__What you are asked to do__. Would you print every entry exactly as it appears?
[[ Supplied information, beginning ]]
(* Let $\mathcal{E}_1=[\theta_1,u_1]$, $\mathcal{E}_2=[\theta_2,u_2]$ be interval effect algebras with order-determining sets of states. Let $\Omega$ be a finite set, $n\ge1$, and for $i=1,\dots,n$ let $A_i=\{A_{ix}:x\in\Omega\}$ be an observable on $\mathcal{E}_1$, $\beta_{ix}\in\mathcal{S}(\mathcal{E}_2)$ for $x\in\Omega$, and $\lambda_i\in[0,1]$ with $\sum_i\lambda_i=1$. Define, for $x\in\Omega$ and $\alpha\in\mathcal{S}(\mathcal{E}_1)$, $\mathcal{I}_x(\alpha)=\sum_i\lambda_i\alpha(A_{ix})\beta_{ix}$. Then: (i) $\mathcal{I}=\{\mathcal{I}_x:x\in\Omega\}$ is an instrument from $\mathcal{E}_1$ to $\mathcal{E}_2$; (ii) for $\alpha\in\mathcal{S}(\mathcal{E}_1)$, setting $\alpha_i=\sum_x\alpha(A_{ix})\beta_{ix}$, we have $\alpha_i\in\mathcal{S}(\mathcal{E}_2)$ and $\overline{\mathcal{I}}(\alpha)=\sum_x\mathcal{I}_x(\alpha)=\sum_i\lambda_i\alpha_i\in\mathcal{S}(\mathcal{E}_2)$; (iii) $\widehat{\mathcal{I}}=\sum_i\lambda_iA_i$, i.e. for each $x\in\Omega$, $\sum_i\lambda_iA_{ix}\in\mathcal{E}_1$ and $\alpha(\sum_i\lambda_iA_{ix})=\mathcal{I}_x(\alpha)(u_2)$ for all $\alpha\in\mathcal{S}(\mathcal{E}_1)$.
   Context: Let $V$ be a real vector space with zero $\theta$ and $K\subseteq V$ a positive cone ($\mathbb{R}^+K\subseteq K$, $K+K\subseteq K$, $K\cap(-K)=\{\theta\}$), ordered by $x\le y$ iff $y-x\in K$. For $u\in K$, $u\neq\theta$, the interval effect algebra is $\mathcal{E}=[\theta,u]=\{x\in K:x\le u\}$; $a\perp b$ means $a+b\le u$. A state is $s\colon\mathcal{E}\to[0,1]$ with $s(u)=1$ and $s(a+b)=s(a)+s(b)$ when $a\perp b$; $\mathcal{S}(\mathcal{E})$ is the set of all states, assumed order-determining ($a\le b$ iff $s(a)\le s(b)$ for all states $s$). Affine = preserves finite convex combinations. A substate is $\lambda s$, $\lambda\in[0,1]$, $s$ a state. An operation from $\mathcal{E}_1$ to $\mathcal{E}_2$ is an affine map from $\mathcal{S}(\mathcal{E}_1)$ to substates on $\mathcal{E}_2$; a channel is an operation with values in $\mathcal{S}(\mathcal{E}_2)$. An observable on $\mathcal{E}$ is a finite family $\{A_x:x\in\Omega\}\subseteq\mathcal{E}$ with $\sum_xA_x=u$. An instrument from $\mathcal{E}_1$ to $\mathcal{E}_2$ is a finite family $\{\mathcal{I}_x\}$ of operations whose pointwise sum $\overline{\mathcal{I}}=\sum_x\mathcal{I}_x$ is a channel; $\widehat{\mathcal{I}}_x$ denotes the (unique, by order-determination) effect in $\mathcal{E}_1$ with $\alpha(\widehat{\mathcal{I}}_x)=\mathcal{I}_x(\alpha)(u_2)$ for all $\alpha\in\mathcal{S}(\mathcal{E}_1)$, and $\widehat{\mathcal{I}}=\{\widehat{\mathcal{I}}_x\}$. (The instrument $\mathcal{I}$ in the claim is called a mixed Holevo instrument.) *)

theory Defs
  imports "HOL-Analysis.Analysis"
begin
[[ Supplied information, end ]]
__Written answer__.
(* Let $\mathcal{E}_1=[\theta_1,u_1]$, $\mathcal{E}_2=[\theta_2,u_2]$ be interval effect algebras with order-determining sets of states. Let $\Omega$ be a finite set, $n\ge1$, and for $i=1,\dots,n$ let $A_i=\{A_{ix}:x\in\Omega\}$ be an observable on $\mathcal{E}_1$, $\beta_{ix}\in\mathcal{S}(\mathcal{E}_2)$ for $x\in\Omega$, and $\lambda_i\in[0,1]$ with $\sum_i\lambda_i=1$. Define, for $x\in\Omega$ and $\alpha\in\mathcal{S}(\mathcal{E}_1)$, $\mathcal{I}_x(\alpha)=\sum_i\lambda_i\alpha(A_{ix})\beta_{ix}$. Then: (i) $\mathcal{I}=\{\mathcal{I}_x:x\in\Omega\}$ is an instrument from $\mathcal{E}_1$ to $\mathcal{E}_2$; (ii) for $\alpha\in\mathcal{S}(\mathcal{E}_1)$, setting $\alpha_i=\sum_x\alpha(A_{ix})\beta_{ix}$, we have $\alpha_i\in\mathcal{S}(\mathcal{E}_2)$ and $\overline{\mathcal{I}}(\alpha)=\sum_x\mathcal{I}_x(\alpha)=\sum_i\lambda_i\alpha_i\in\mathcal{S}(\mathcal{E}_2)$; (iii) $\widehat{\mathcal{I}}=\sum_i\lambda_iA_i$, i.e. for each $x\in\Omega$, $\sum_i\lambda_iA_{ix}\in\mathcal{E}_1$ and $\alpha(\sum_i\lambda_iA_{ix})=\mathcal{I}_x(\alpha)(u_2)$ for all $\alpha\in\mathcal{S}(\mathcal{E}_1)$.
   Context: Let $V$ be a real vector space with zero $\theta$ and $K\subseteq V$ a positive cone ($\mathbb{R}^+K\subseteq K$, $K+K\subseteq K$, $K\cap(-K)=\{\theta\}$), ordered by $x\le y$ iff $y-x\in K$. For $u\in K$, $u\neq\theta$, the interval effect algebra is $\mathcal{E}=[\theta,u]=\{x\in K:x\le u\}$; $a\perp b$ means $a+b\le u$. A state is $s\colon\mathcal{E}\to[0,1]$ with $s(u)=1$ and $s(a+b)=s(a)+s(b)$ when $a\perp b$; $\mathcal{S}(\mathcal{E})$ is the set of all states, assumed order-determining ($a\le b$ iff $s(a)\le s(b)$ for all states $s$). Affine = preserves finite convex combinations. A substate is $\lambda s$, $\lambda\in[0,1]$, $s$ a state. An operation from $\mathcal{E}_1$ to $\mathcal{E}_2$ is an affine map from $\mathcal{S}(\mathcal{E}_1)$ to substates on $\mathcal{E}_2$; a channel is an operation with values in $\mathcal{S}(\mathcal{E}_2)$. An observable on $\mathcal{E}$ is a finite family $\{A_x:x\in\Omega\}\subseteq\mathcal{E}$ with $\sum_xA_x=u$. An instrument from $\mathcal{E}_1$ to $\mathcal{E}_2$ is a finite family $\{\mathcal{I}_x\}$ of operations whose pointwise sum $\overline{\mathcal{I}}=\sum_x\mathcal{I}_x$ is a channel; $\widehat{\mathcal{I}}_x$ denotes the (unique, by order-determination) effect in $\mathcal{E}_1$ with $\alpha(\widehat{\mathcal{I}}_x)=\mathcal{I}_x(\alpha)(u_2)$ for all $\alpha\in\mathcal{S}(\mathcal{E}_1)$, and $\widehat{\mathcal{I}}=\{\widehat{\mathcal{I}}_x\}$. (The instrument $\mathcal{I}$ in the claim is called a mixed Holevo instrument.) *)

theory Defs
  imports "HOL-Analysis.Analysis"
begin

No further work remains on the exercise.